I was curious about what the local government was publishing as open data. The datasets I found were not particularly exciting, much of it was about municipal finances and some demographics. But I came across the information of traffic fines during the last few years, and I thought I would give it a try.
With open data, institutions aim to become more transparent to the public. The data is shared, it is available for anyone to take a look at it, but usually it is not that simple. You need a data project to make sense of it. Once you convert the numbers into graphics and insightful information, only then the data comes alive and you can figure out what is going on.
The data#
I downloaded the CSV files from this link, containing traffic fines in my town from 2018 to 2022.

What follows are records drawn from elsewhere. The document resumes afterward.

lemma sorted_heap_NS1:
  assumes "sorted_heap H T S" "locals_active S"
  shows "NS1 H T S"
proof -
  have "\<not> (\<exists>a \<in> Act S. \<exists>b \<in> Act S. has_path T S a b \<and> has_path T S b a)"
    using has_path_vless[OF assms(1)] vless_asym by blast
  with assms show ?thesis
    unfolding NS1_def sorted_heap_def locals_active_def by blast
qed

lemma on_main_branch_iff: "on_main_branch H T S a \<longleftrightarrow> (\<exists>L. main_list H T S L \<and> a \<in> set L)"
  unfolding on_main_branch_def main_list_def is_path_iff_linked by blast

lemma main_list_unique: "main_list H T S L \<Longrightarrow> main_list H T S L' \<Longrightarrow> L = L'"
  unfolding main_list_def by (auto intro: linked_to_end_unique)

lemma branch_inv_NS2:
  assumes "branch_inv H T S"
  shows "NS2 H T S"
proof -
  obtain L where L: "main_list H T S L" "Act S = set L \<union> Mk S"
    using assms unfolding branch_inv_def by blast
  have "on_main_branch H T S a \<longleftrightarrow> a \<in> set L" for a
    using main_list_unique[OF L(1)] L(1) unfolding on_main_branch_iff by blast
  with L(2) show ?thesis
    unfolding NS2_def by blast
qed

lemma line_assertions_NS345:
  assumes "\<forall>P. line_assertion S P"
  shows "NS3 S" "NS4 S" "NS5 S"
  unfolding NS3_def NS4_def NS5_def
  by (rule all_forward[OF assms], simp add: line_assertion_def Let_def split: pc.split_asm)+

lemma lazy_inv_normal:
  assumes "lazy_inv H T S"
  shows "normal H T S"
proof -
  have "sorted_heap H T S" "locals_active S" "branch_inv H T S" "\<forall>P. line_assertion S P"
    using assms unfolding lazy_inv_def by blast+
  then show ?thesis
    unfolding normal_def by (simp add: sorted_heap_NS1 branch_inv_NS2 line_assertions_NS345)
qed
(* Let $X$ be a compact Hausdorff space, $\mathcal C=C(X)$, $\alpha\colon X\to X$ continuous, $\delta f=f\circ\alpha$, $A$ a transfer operator for $(\mathcal C,\delta)$. Fix $\mu\in M_\delta(\mathcal C)$, $n\in\mathbb N$ and a partition of unity $D$. Let $(m_k)\subset M(\mathcal C)$ be a sequence with $\sum_{g\in D}\mu[g]\ln\frac{m_k[A^ng]}{\mu[g]}\to\tau_n(\mu,D)$, and let $(m_{k_i})$ be a subsequence for which the limits $C_n(\mu,g,D):=\lim_{i\to\infty}m_{k_i}[A^ng]$ exist for all $g\in D$. If $\tau_n(\mu,D)>-\infty$, then \[ \sup_{m\in M(\mathcal C)}\ \sum_{g\in D,\ \mu[g]>0}\mu[g]\,\frac{m[A^ng]}{C_n(\mu,g,D)}=1. \]
   Context: A transfer operator for $(\mathcal C,\delta)$ is a positive linear operator $A\colon\mathcal C\to\mathcal C$ with $A((\delta f)g)=f\,Ag$ for all $f,g\in\mathcal C$. $M(\mathcal C)$ is the set of positive linear functionals $m$ on $\mathcal C$ with $m[\mathbf 1]=1$ ($\mathbf 1$ the constant $1$); $M_\delta(\mathcal C)$ those also satisfying $\mu[\delta f]=\mu[f]$ for all $f$. A partition of unity is a finite set $D$ of nonnegative elements of $\mathcal C$ summing to $\mathbf 1$. $\tau_n(\mu,D)=\sup_{m\in M(\mathcal C)}\sum_{g\in D}\mu[g]\ln\frac{m[A^ng]}{\mu[g]}$, where summands with $\mu[g]=0$ are set to $0$ and $\ln0=-\infty$. *)

theory Defs
  imports "HOL-Analysis.Analysis"
begin

definition CX :: "('a::topological_space \<Rightarrow> real) set" where
  "CX = {f. continuous_on UNIV f}"

definition lin_on_CX :: "(('a::topological_space \<Rightarrow> real) \<Rightarrow> real) \<Rightarrow> bool" where
  "lin_on_CX T \<longleftrightarrow> (\<forall>f\<in>CX. \<forall>g\<in>CX. T (\<lambda>x. f x + g x) = T f + T g)
                   \<and> (\<forall>c. \<forall>f\<in>CX. T (\<lambda>x. c * f x) = c * T f)"

definition lin_op_CX :: "(('a::topological_space \<Rightarrow> real) \<Rightarrow> ('b \<Rightarrow> real)) \<Rightarrow> bool" where
  "lin_op_CX T \<longleftrightarrow> (\<forall>f\<in>CX. \<forall>g\<in>CX. T (\<lambda>x. f x + g x) = (\<lambda>x. T f x + T g x))
                   \<and> (\<forall>c. \<forall>f\<in>CX. T (\<lambda>x. c * f x) = (\<lambda>x. c * T f x))"

definition transfer_operator ::
  "('a::topological_space \<Rightarrow> 'a) \<Rightarrow> (('a \<Rightarrow> real) \<Rightarrow> ('a \<Rightarrow> real)) \<Rightarrow> bool" where
  "transfer_operator \<alpha> A \<longleftrightarrow>
     (\<forall>f\<in>CX. A f \<in> CX) \<and> lin_op_CX A \<and>
     (\<forall>f\<in>CX. (\<forall>x. f x \<ge> 0) \<longrightarrow> (\<forall>x. A f x \<ge> 0)) \<and>
     (\<forall>f\<in>CX. \<forall>g\<in>CX. A (\<lambda>x. (f \<circ> \<alpha>) x * g x) = (\<lambda>x. f x * A g x))"

definition MC :: "(('a::topological_space \<Rightarrow> real) \<Rightarrow> real) set" where
  "MC = {m. lin_on_CX m \<and> (\<forall>f\<in>CX. (\<forall>x. f x \<ge> 0) \<longrightarrow> m f \<ge> 0) \<and> m (\<lambda>x. 1) = 1}"

definition MC_delta :: "('a::topological_space \<Rightarrow> 'a) \<Rightarrow> (('a \<Rightarrow> real) \<Rightarrow> real) set" where
  "MC_delta \<alpha> = {\<mu>\<in>MC. \<forall>f\<in>CX. \<mu> (f \<circ> \<alpha>) = \<mu> f}"

definition partition_of_unity :: "('a::topological_space \<Rightarrow> real) set \<Rightarrow> bool" where
  "partition_of_unity D \<longleftrightarrow> finite D \<and> D \<subseteq> CX \<and> (\<forall>g\<in>D. \<forall>x. g x \<ge> 0)
      \<and> (\<forall>x. (\<Sum>g\<in>D. g x) = 1)"

text \<open>The summand mu[g] ln(m[A^n g]/mu[g]), with value 0 if mu[g] = 0 and ln 0 = -infinity.\<close>
definition tau_term :: "real \<Rightarrow> real \<Rightarrow> ereal" where
  "tau_term a b = (if a = 0 then 0 else if b = 0 then -\<infinity> else ereal (a * ln (b / a)))"

definition tau_sum ::
  "(('a::topological_space \<Rightarrow> real) \<Rightarrow> ('a \<Rightarrow> real)) \<Rightarrow> nat \<Rightarrow> (('a \<Rightarrow> real) \<Rightarrow> real)
    \<Rightarrow> ('a \<Rightarrow> real) set \<Rightarrow> (('a \<Rightarrow> real) \<Rightarrow> real) \<Rightarrow> ereal" where
  "tau_sum A n \<mu> D m = (\<Sum>g\<in>D. tau_term (\<mu> g) (m ((A ^^ n) g)))"

definition tau ::
  "(('a::topological_space \<Rightarrow> real) \<Rightarrow> ('a \<Rightarrow> real)) \<Rightarrow> nat \<Rightarrow> (('a \<Rightarrow> real) \<Rightarrow> real)
    \<Rightarrow> ('a \<Rightarrow> real) set \<Rightarrow> ereal" where
  "tau A n \<mu> D = (SUP m\<in>MC. tau_sum A n \<mu> D m)"

end

theory Submission
  imports Defs
begin

text \<open>
  The values m[A^n g] are bounded on the compact space, so tau_n(mu, D) is a real number T.
  Along the maximizing subsequence (m_{k_i}) a summand mu[g] ln (m[A^n g] / mu[g]) with mu[g] > 0
  cannot tend to -infinity; hence the limits C_g are positive and T = sum_g mu[g] ln (C_g / mu[g]).
  For m in M(C) the convex combinations (1 - t) m_{k_i} + t m stay in M(C), which in the limit
  gives sum_g mu[g] ln (1 + t (m[A^n g] / C_g - 1)) <= 0 for 0 < t < 1. The derivative at t = 0,
  sum_g mu[g] (m[A^n g] / C_g - 1), is therefore <= 0: this is the upper bound 1, and m_{k_i}
  attains it in the limit. Only mu in M(C) and the positivity of A^n g enter.
\<close>

lemma CX_const [simp]: "(\<lambda>x. c) \<in> CX"
  by (simp add: CX_def)

lemma CX_add: "f \<in> CX \<Longrightarrow> g \<in> CX \<Longrightarrow> (\<lambda>x. f x + g x) \<in> CX"
  by (simp add: CX_def continuous_on_add)

lemma CX_scale: "f \<in> CX \<Longrightarrow> (\<lambda>x. c * f x) \<in> CX"
  by (simp add: CX_def continuous_on_mult)

lemma CX_sum: "F \<subseteq> CX \<Longrightarrow> (\<lambda>x. \<Sum>g\<in>F. g x) \<in> CX"
  unfolding CX_def by (auto intro!: continuous_on_sum)

lemma CX_bounded_above:
  assumes "compact (UNIV :: 'a::topological_space set)" and "f \<in> CX"
  shows "\<exists>B. \<forall>x::'a. f x \<le> B"
proof -
  have "bounded (range f)"
    using assms by (intro compact_imp_bounded compact_continuous_image) (auto simp: CX_def)
  then show ?thesis
    by (meson abs_le_D1 bounded_real rangeI)
qed

lemma MC_add: "m \<in> MC \<Longrightarrow> f \<in> CX \<Longrightarrow> g \<in> CX \<Longrightarrow> m (\<lambda>x. f x + g x) = m f + m g"
  by (simp add: MC_def lin_on_CX_def)

lemma MC_scale: "m \<in> MC \<Longrightarrow> f \<in> CX \<Longrightarrow> m (\<lambda>x. c * f x) = c * m f"
  by (simp add: MC_def lin_on_CX_def)

lemma MC_nonneg: "m \<in> MC \<Longrightarrow> f \<in> CX \<Longrightarrow> \<forall>x. 0 \<le> f x \<Longrightarrow> 0 \<le> m f"
  by (simp add: MC_def)

lemma MC_const: "m \<in> MC \<Longrightarrow> m (\<lambda>x. c) = c"
  using MC_scale[of m "\<lambda>x. 1" c] by (simp add: MC_def)

lemma MC_le_bound:
  assumes m: "m \<in> MC" and f: "f \<in> CX" and B: "\<forall>x. f x \<le> B"
  shows "m f \<le> B"
proof -
  have "0 \<le> m (\<lambda>x. B + (-1) * f x)"
    using B by (intro MC_nonneg[OF m] CX_add CX_scale f CX_const) auto
  also have "\<dots> = B - m f"
    by (subst MC_add[OF m CX_const CX_scale[OF f]], subst MC_scale[OF m f]) (simp add: MC_const[OF m])
  finally show ?thesis by simp
qed

lemma MC_sum:
  assumes "m \<in> MC" "finite F" "F \<subseteq> CX"
  shows "m (\<lambda>x. \<Sum>g\<in>F. g x) = (\<Sum>g\<in>F. m g)"
  using assms(2,3)
proof (induction F rule: finite_induct)
  case empty
  then show ?case using MC_const[OF assms(1)] by simp
next
  case (insert h F)
  then show ?case using MC_add[OF assms(1) _ CX_sum[of F]] by simp
qed

lemma MC_convex_combination:
  assumes "m1 \<in> MC" "m2 \<in> MC" "0 \<le> t" "t \<le> 1"
  shows "(\<lambda>f. (1 - t) * m1 f + t * m2 f) \<in> MC"
proof -
  have "0 \<le> (1 - t) * m1 f + t * m2 f" if "f \<in> CX" "\<forall>x. 0 \<le> f x" for f
    using assms MC_nonneg[OF assms(1) that] MC_nonneg[OF assms(2) that] by simp
  with assms show ?thesis
    by (auto simp: MC_def lin_on_CX_def algebra_simps)
qed

lemma MC_values_bounded:
  assumes "compact (UNIV :: 'a::topological_space set)" "finite D"
    and "\<forall>g\<in>D. f g \<in> CX \<and> (\<forall>x::'a. 0 \<le> f g x)"
  obtains B where "\<forall>g\<in>D. \<forall>m\<in>MC. 0 \<le> m (f g) \<and> m (f g) \<le> B g"
proof -
  have "\<forall>g\<in>D. \<exists>b. \<forall>m\<in>MC. 0 \<le> m (f g) \<and> m (f g) \<le> b"
  proof
    fix g assume "g \<in> D"
    then obtain b where "\<forall>x. f g x \<le> b"
      using assms CX_bounded_above by blast
    then show "\<exists>b. \<forall>m\<in>MC. 0 \<le> m (f g) \<and> m (f g) \<le> b"
      using assms \<open>g \<in> D\<close> MC_le_bound MC_nonneg by blast
  qed
  then show ?thesis using that by (metis (no_types))
qed

lemma MC_sum_partition_of_unity:
  assumes "\<mu> \<in> MC" "partition_of_unity D"
  shows "(\<Sum>g\<in>D. \<mu> g) = 1"
proof -
  have "finite D" "D \<subseteq> CX" "(\<lambda>x. \<Sum>g\<in>D. g x) = (\<lambda>x. 1)"
    using assms(2) by (auto simp: partition_of_unity_def)
  then show ?thesis
    using MC_sum[OF assms(1)] MC_const[OF assms(1)] by metis
qed

lemma transfer_operator_funpow:
  assumes "transfer_operator \<alpha> A" "f \<in> CX"
  shows "(A ^^ n) f \<in> CX" and "\<forall>x. 0 \<le> f x \<Longrightarrow> \<forall>x. 0 \<le> (A ^^ n) f x"
  using assms by (induction n) (simp_all add: transfer_operator_def)

definition log_ratio_sum :: "('i \<Rightarrow> real) \<Rightarrow> 'i set \<Rightarrow> ('i \<Rightarrow> real) \<Rightarrow> ereal" where
  "log_ratio_sum w D v = (\<Sum>g\<in>D. tau_term (w g) (v g))"

lemma tau_sum_eq_log_ratio_sum: "tau_sum A n \<mu> D m = log_ratio_sum \<mu> D (\<lambda>g. m ((A ^^ n) g))"
  by (simp add: tau_sum_def log_ratio_sum_def)

lemma tau_term_le:
  assumes "0 \<le> a" "0 \<le> b" "b \<le> B"
  shows "tau_term a b \<le> ereal (a * ln (B / a))"
proof (cases "a = 0 \<or> b = 0")
  case True
  then show ?thesis by (auto simp: tau_term_def)
next
  case False
  then have "ln (b / a) \<le> ln (B / a)"
    using assms by (simp add: divide_right_mono)
  then show ?thesis
    using False assms by (simp add: tau_term_def)
qed

lemma tau_term_lower_bound:
  assumes "0 < a" "0 \<le> b" "ereal y \<le> tau_term a b"
  shows "a * exp (y / a) \<le> b"
proof -
  have "b \<noteq> 0" and "y \<le> a * ln (b / a)"
    using assms by (auto simp: tau_term_def split: if_splits)
  then have "y / a \<le> ln (b / a)"
    using assms by (simp add: pos_divide_le_eq mult.commute)
  then have "exp (y / a) \<le> b / a"
    using assms \<open>b \<noteq> 0\<close> ln_ge_iff[of "b / a" "y / a"] by simp
  then show ?thesis
    using assms by (simp add: pos_le_divide_eq mult.commute)
qed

https://www.gipuzkoairekia.eus/
Show code cell source
# Import packages
import pandas as pd
import numpy as np
import matplotlib.pyplot as plt
import seaborn as sns
import geopandas as gpd
import contextily
from IPython.display import Markdown
# Read the data
usecols=[0, 4, 5, 6, 7, 8] # Useful columns
fines_2018 = pd.read_csv("data/multas_2018.csv", sep=";", decimal=",", usecols=usecols)
fines_2019 = pd.read_csv("data/multas_2019.csv", sep=";", decimal=",", usecols=usecols)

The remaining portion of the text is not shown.